It must be understood that we are dealing not with a "few" billion dollars worth of military contracts, but with hundreds of billions. Such is the dimension of the Star Wars project. No large corporation, not even such an enormous one as General Motors, could stand outside the orbit of this magnetic attraction for super-profits.

Aside from anything else, this merger illustrates how utterly hypocritical are the assertions of giant corporations like GM that they are opposed to the government having a hand in private enterprise, that they are against bail-outs or government assistance or involvement. Certainly GM has been the loudest in proclaiming its independence of the government. Now it is completely intertwined with it.

This deal is so enormous that it certainly warrants being used for more than the transfer of technology. More important for General Motors at the moment is that, in purchasing Hughes Aircraft, it enhances its profitability, precisely because Hughes is a huge prime military contractor.

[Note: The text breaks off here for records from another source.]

text \<open>If two vertex sets are completely joined and the second has six vertices, the
  first is a clique: a non-edge on each side would give an induced 4-cycle, and a
  non-edge on the first side only would force a 6-clique on the second.\<close>
lemma biclique_side_is_clique:
  assumes inv: "stacked_inv V E Fs" and "B \<subseteq> V" "card B = 6"
    and join: "\<And>a b. a \<in> A \<Longrightarrow> b \<in> B \<Longrightarrow> E a b"
  shows "clique E A"
  unfolding clique_def
proof (intro ballI impI, rule ccontr)
  fix a a' assume a: "a \<in> A" "a' \<in> A" "a \<noteq> a'" "\<not> E a a'"
  have sym: "\<And>x y. E x y \<Longrightarrow> E y x" and C4: "no_induced_C4 E"
    using inv unfolding stacked_inv_def simple_graph_def by blast+
  have "clique E B"
    unfolding clique_def
  proof (intro ballI impI)
    fix b b' assume b: "b \<in> B" "b' \<in> B" "b \<noteq> b'"
    have "E a b" "E b a'" "E a' b'" "E b' a" using join sym a(1,2) b(1,2) by blast+
    then have "E a a' \<or> E b b'" by (rule no_induced_C4D[OF C4 _ _ _ _ a(3) b(3)])
    then show "E b b'" using a(4) by simp
  qed
  then have "card B < 6" by (rule stacked_clique_card[OF inv \<open>B \<subseteq> V\<close>])
  then show False using \<open>card B = 6\<close> by simp
qed

lemma K3_join_P6_of_link:
  assumes G: "simple_graph V E" and A: "card A = 3" "clique E A"
    and path: "induced_path E xs" "set xs \<subseteq> common_nbrs E A" "6 \<le> length xs"
  shows "has_induced V E (join_V K3_V P6_V) (join_E K3_V K3_E P6_V P6_E)"
proof -
  have sym: "\<And>x y. E x y \<Longrightarrow> E y x" and irrefl: "\<And>x. \<not> E x x"
    and inV: "\<And>x y. E x y \<Longrightarrow> x \<in> V \<and> y \<in> V"
    using G unfolding simple_graph_def by blast+
  have "finite A" using A(1) card.infinite by fastforce
  then obtain as where as: "set as = A" "distinct as" using finite_distinct_list by blast
  have len: "length as = 3" using as A(1) distinct_card by fastforce
  define g where "g = case_sum (\<lambda>i. as ! i) (\<lambda>j. xs ! j)"
  have W: "w \<in> join_V K3_V P6_V \<longleftrightarrow> (\<exists>i<3. w = Inl i) \<or> (\<exists>j<6. w = Inr j)" for w
    unfolding join_V_def K3_V_def P6_V_def by auto
  have cross: "E (xs ! j) (as ! i)" if "i < 3" "j < 6" for i j
  proof -
    have "xs ! j \<in> common_nbrs E A" using that path(2,3) nth_mem[of j xs] by auto
    moreover have "as ! i \<in> A" using that as(1) len nth_mem[of i as] by auto
    ultimately show ?thesis unfolding common_nbrs_def by blast
  qed
  have apex_edge: "E (as ! i) (as ! i') \<longleftrightarrow> i \<noteq> i'" if "i < 3" "i' < 3" for i i'
    using that A(2) as len irrefl unfolding clique_def by (auto simp: nth_eq_iff_index_eq)
  have path_edge: "E (xs ! j) (xs ! j') \<longleftrightarrow> j' = Suc j \<or> j = Suc j'" if "j < 6" "j' < 6" for j j'
    using that path(1,3) unfolding induced_path_def by auto
  have apart: "as ! i \<noteq> xs ! j" "xs ! j \<noteq> as ! i" if "i < 3" "j < 6" for i j
    using cross[OF that] irrefl by metis+
  have "inj_on g (join_V K3_V P6_V)"
  proof (rule inj_onI)
    fix x y assume "x \<in> join_V K3_V P6_V" "y \<in> join_V K3_V P6_V" "g x = g y"
    then show "x = y"
      using W apart as(2) len path(1,3) unfolding g_def induced_path_def
      by (auto simp: nth_eq_iff_index_eq)
  qed
  moreover have "g ` join_V K3_V P6_V \<subseteq> V"
    using W cross inV unfolding g_def by fastforce
  moreover have "join_E K3_V K3_E P6_V P6_E x y \<longleftrightarrow> E (g x) (g y)"
    if "x \<in> join_V K3_V P6_V" "y \<in> join_V K3_V P6_V" for x y
    using that W cross sym apex_edge path_edge
    unfolding g_def K3_E_def K3_V_def P6_E_def P6_V_def by auto
  ultimately show ?thesis unfolding has_induced_def by blast
qed

theorem lemma4p6:
  fixes V :: "'a set" and E :: "'a \<Rightarrow> 'a \<Rightarrow> bool"
  assumes "stacked4_graph V E"
    and "\<exists>(V3 :: nat set) E3 (V6 :: nat set) E6.
           simple_graph V3 E3 \<and> card V3 = 3 \<and> simple_graph V6 E6 \<and> card V6 = 6 \<and>
           has_induced V E (join_V V3 V6) (join_E V3 E3 V6 E6)"
  shows "has_induced V E (join_V K3_V P6_V) (join_E K3_V K3_E P6_V P6_E)"
proof -
  obtain Fs where inv: "stacked_inv V E Fs"
    using assms(1) stacked4_inv unfolding stacked4_graph_def by blast
  obtain V3 :: "nat set" and E3 and V6 :: "nat set" and E6 where
    "card V3 = 3" "card V6 = 6" "has_induced V E (join_V V3 V6) (join_E V3 E3 V6 E6)"
    using assms(2) by blast
  then obtain A B where AB: "A \<subseteq> V" "B \<subseteq> V" "card A = 3" "card B = 6"
    and join: "\<And>a b. a \<in> A \<Longrightarrow> b \<in> B \<Longrightarrow> E a b"
    by (metis biclique_of_induced_join)
  have "clique E A" using biclique_side_is_clique[OF inv AB(2,4) join] .
  then obtain xs where xs: "link_path E Fs A xs"
    using inv AB(1,3) unfolding stacked_inv_def triangle_links_def by blast
  have "B \<subseteq> common_nbrs E A"
    using inv join unfolding stacked_inv_def simple_graph_def common_nbrs_def by blast
  then have "B \<subseteq> set xs" using xs unfolding link_path_def by simp
  then have "6 \<le> length xs"
    using AB(4) card_mono[OF List.finite_set] card_length le_trans by metis
  then show ?thesis
    using K3_join_P6_of_link[of V E A xs] inv AB(3) \<open>clique E A\<close> xs
    unfolding stacked_inv_def link_path_def by auto
qed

In fact, a formidable problem arises when the deal is viewed as a source for the transfer of technology from aerospace to auto manufacturing, as the company has claimed. The transfer of military technology on a mass scale to civilian auto production in particular may present insurmountable problems, at least for a considerable period of time, if the aim of reducing the cost per vehicle is taken into account.

Experience has shown that the transfer of military technology to civilian production, on the basis of production for profit, has brought about enormous problems. Several examples come to mind that are detailed in Seymour Melman's book Profits Without Production.4

"Until now," says Melman, "no major military-serving enterprise has demonstrated an autonomous ability to carry out the sort of occupational switch that is needed to go civilian."

Conversion means changing over the physical resources, the skills of all workers and the ways of organizing work to serve civilian rather than military goals. "Organization [of a conversion] is a problem area because of certain characteristics of military industry. The decision goals and occupational practices of [military] industry encourage cost escalation. Cost maximizing is feasible because subsidies from the federal government offset extraordinary increases."

Hughes Aircraft is not the exception to this, but the rule. The government's largess to Hughes Aircraft is well known, as it is with other military contractors.

"Military products are often designed to increase military `capability' regardless of cost," says Melman. "Given that priority, reliability takes second place, as do such considerations as ease of maintenance and minimum cost for accomplishing a given function."

Melman gives two well-known examples of military industry contractors who attempted to change over part of their production facilities and even labor force to civilian work: the Rohr Corporation of Chula Vista, Calif., and Boeing-Vertol, a division of Boeing Company.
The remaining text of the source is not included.